WHAT THE EXERCISE ASKS: Please write out exactly the lines of the data below from the line holding "real \<Rightarrow> (real^'d" through the line holding "where it is", and leave out the rest.

SUPPLIED ENTRIES:
definition Lop :: "('d::finite \<Rightarrow> real \<Rightarrow> real) \<Rightarrow> ('d \<Rightarrow> real \<Rightarrow> real) \<Rightarrow> ('d \<Rightarrow> real \<Rightarrow> real)
     \<Rightarrow> real \<Rightarrow> (real^'d \<Rightarrow> real) \<Rightarrow> real^'d \<Rightarrow> real" where
  "Lop w p q A f x = A * f x - (\<Sum>i\<in>UNIV. Dop w p q i (Dop w p q i f) x)"

end

theory Submission
  imports Defs
begin

text \<open>On the symmetric set the operator \<open>D\<^sub>j\<close> acts on \<open>\<Phi>\<^sub>n\<close> only through the \<open>j\<close>-th factor,
  where it is a one-dimensional operator swapping the even extension \<open>E\<close> of \<open>\<phi>\<^sub>k\<close> and the odd
  extension \<open>O\<close> of \<open>\<delta>\<phi>\<^sub>k\<close>: on even functions it is the extended \<open>\<delta>\<close>, so \<open>D E = O\<close>, and on odd
  functions it is \<open>-\<delta>\<^sup>*\<close>, so \<open>D O = -\<delta>\<^sup>*\<delta>\<phi>\<^sub>k = (a - \<lambda>\<^sub>k) E\<close> by the eigenvalue equation.
  Since \<open>\<Phi>\<^sup>(\<^sup>j\<^sup>)\<^sub>n\<close> is a multiple of \<open>E\<close> or of \<open>O\<close>, \<open>D\<^sub>j\<^sup>2 \<Phi>\<^sub>n = (a\<^sub>j - \<lambda>\<^sub>k) \<Phi>\<^sub>n\<close>, and summing over \<open>j\<close>
  gives the claim.\<close>

lemma open_symX: "open (symX c)"
proof -
  have "symX c = {x. x \<noteq> 0} \<inter> {x. ereal \<bar>x\<bar> < c}" by (auto simp: symX_def)
  moreover have "open {x::real. x \<noteq> 0}" by (simp add: open_Collect_neq)
  moreover have "open {x::real. ereal \<bar>x\<bar> < c}"
    by (intro open_Collect_less continuous_intros)
  ultimately show ?thesis by auto
qed

lemma symX_iff_abs_halfX: "y \<in> symX c \<longleftrightarrow> \<bar>y\<bar> \<in> halfX c"
  by (auto simp: symX_def halfX_def)

lemma symX_uminus: "y \<in> symX c \<Longrightarrow> - y \<in> symX c"
  by (auto simp: symX_def)

lemma symX_nonzero: "y \<in> symX c \<Longrightarrow> y \<noteq> 0"
  by (simp add: symX_def)

lemma Ck_on_differentiable:
  assumes "Ck_on k S f" "m < k" "x \<in> S"
  shows "(deriv ^^ m) f differentiable (at x)"
proof -
  from assms(1) have "\<forall>m<k. \<forall>x\<in>S. (deriv ^^ m) f differentiable (at x)"
    unfolding Ck_on_def by (rule conjunct1)
  with assms(2,3) show ?thesis by simp
qed

lemma has_real_derivative_even_ext:
  assumes "y \<noteq> 0" "(g has_real_derivative D) (at \<bar>y\<bar>)"
  shows "(even_ext g has_real_derivative sgn y * D) (at y)"
proof (cases "y > 0")
  case True
  have "(g has_real_derivative sgn y * D) (at y)" using assms True by simp
  then show ?thesis unfolding even_ext_def[abs_def]
    by (rule has_field_derivative_transform_within_open[where S="{0<..}"]) (use True in auto)
next
  case False
  with assms have y: "y < 0" by auto
  have "((\<lambda>t. g (- t)) has_real_derivative - D) (at y)"
    by (rule DERIV_mirror[THEN iffD1]) (use assms y in simp)
  then have "((\<lambda>t. g (- t)) has_real_derivative sgn y * D) (at y)"
    using y by simp
  then show ?thesis unfolding even_ext_def[abs_def]
    by (rule has_field_derivative_transform_within_open[where S="{..<0}"]) (use y in auto)
qed

lemma has_real_derivative_odd_ext:
  assumes "y \<noteq> 0" "(g has_real_derivative D) (at \<bar>y\<bar>)"
  shows "(odd_ext g has_real_derivative D) (at y)"
proof (cases "y > 0")
  case True
  have "(g has_real_derivative D) (at y)" using assms True by simp
  then show ?thesis unfolding odd_ext_def[abs_def]
    by (rule has_field_derivative_transform_within_open[where S="{0<..}"]) (use True in auto)
next
  case False
  with assms have y: "y < 0" by auto
  have "((\<lambda>t. g (- t)) has_real_derivative - D) (at y)"
    by (rule DERIV_mirror[THEN iffD1]) (use assms y in simp)
  then have "((\<lambda>t. - g (- t)) has_real_derivative D) (at y)"
    using DERIV_minus by fastforce
  then show ?thesis unfolding odd_ext_def[abs_def]
    by (rule has_field_derivative_transform_within_open[where S="{..<0}"]) (use y in auto)
qed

SOLUTION BELOW:
     \<Rightarrow> real \<Rightarrow> (real^'d \<Rightarrow> real) \<Rightarrow> real^'d \<Rightarrow> real" where
  "Lop w p q A f x = A * f x - (\<Sum>i\<in>UNIV. Dop w p q i (Dop w p q i f) x)"

end

theory Submission
  imports Defs
begin

text \<open>On the symmetric set the operator \<open>D\<^sub>j\<close> acts on \<open>\<Phi>\<^sub>n\<close> only through the \<open>j\<close>-th factor,
  where it is a one-dimensional operator swapping the even extension \<open>E\<close> of \<open>\<phi>\<^sub>k\<close> and the odd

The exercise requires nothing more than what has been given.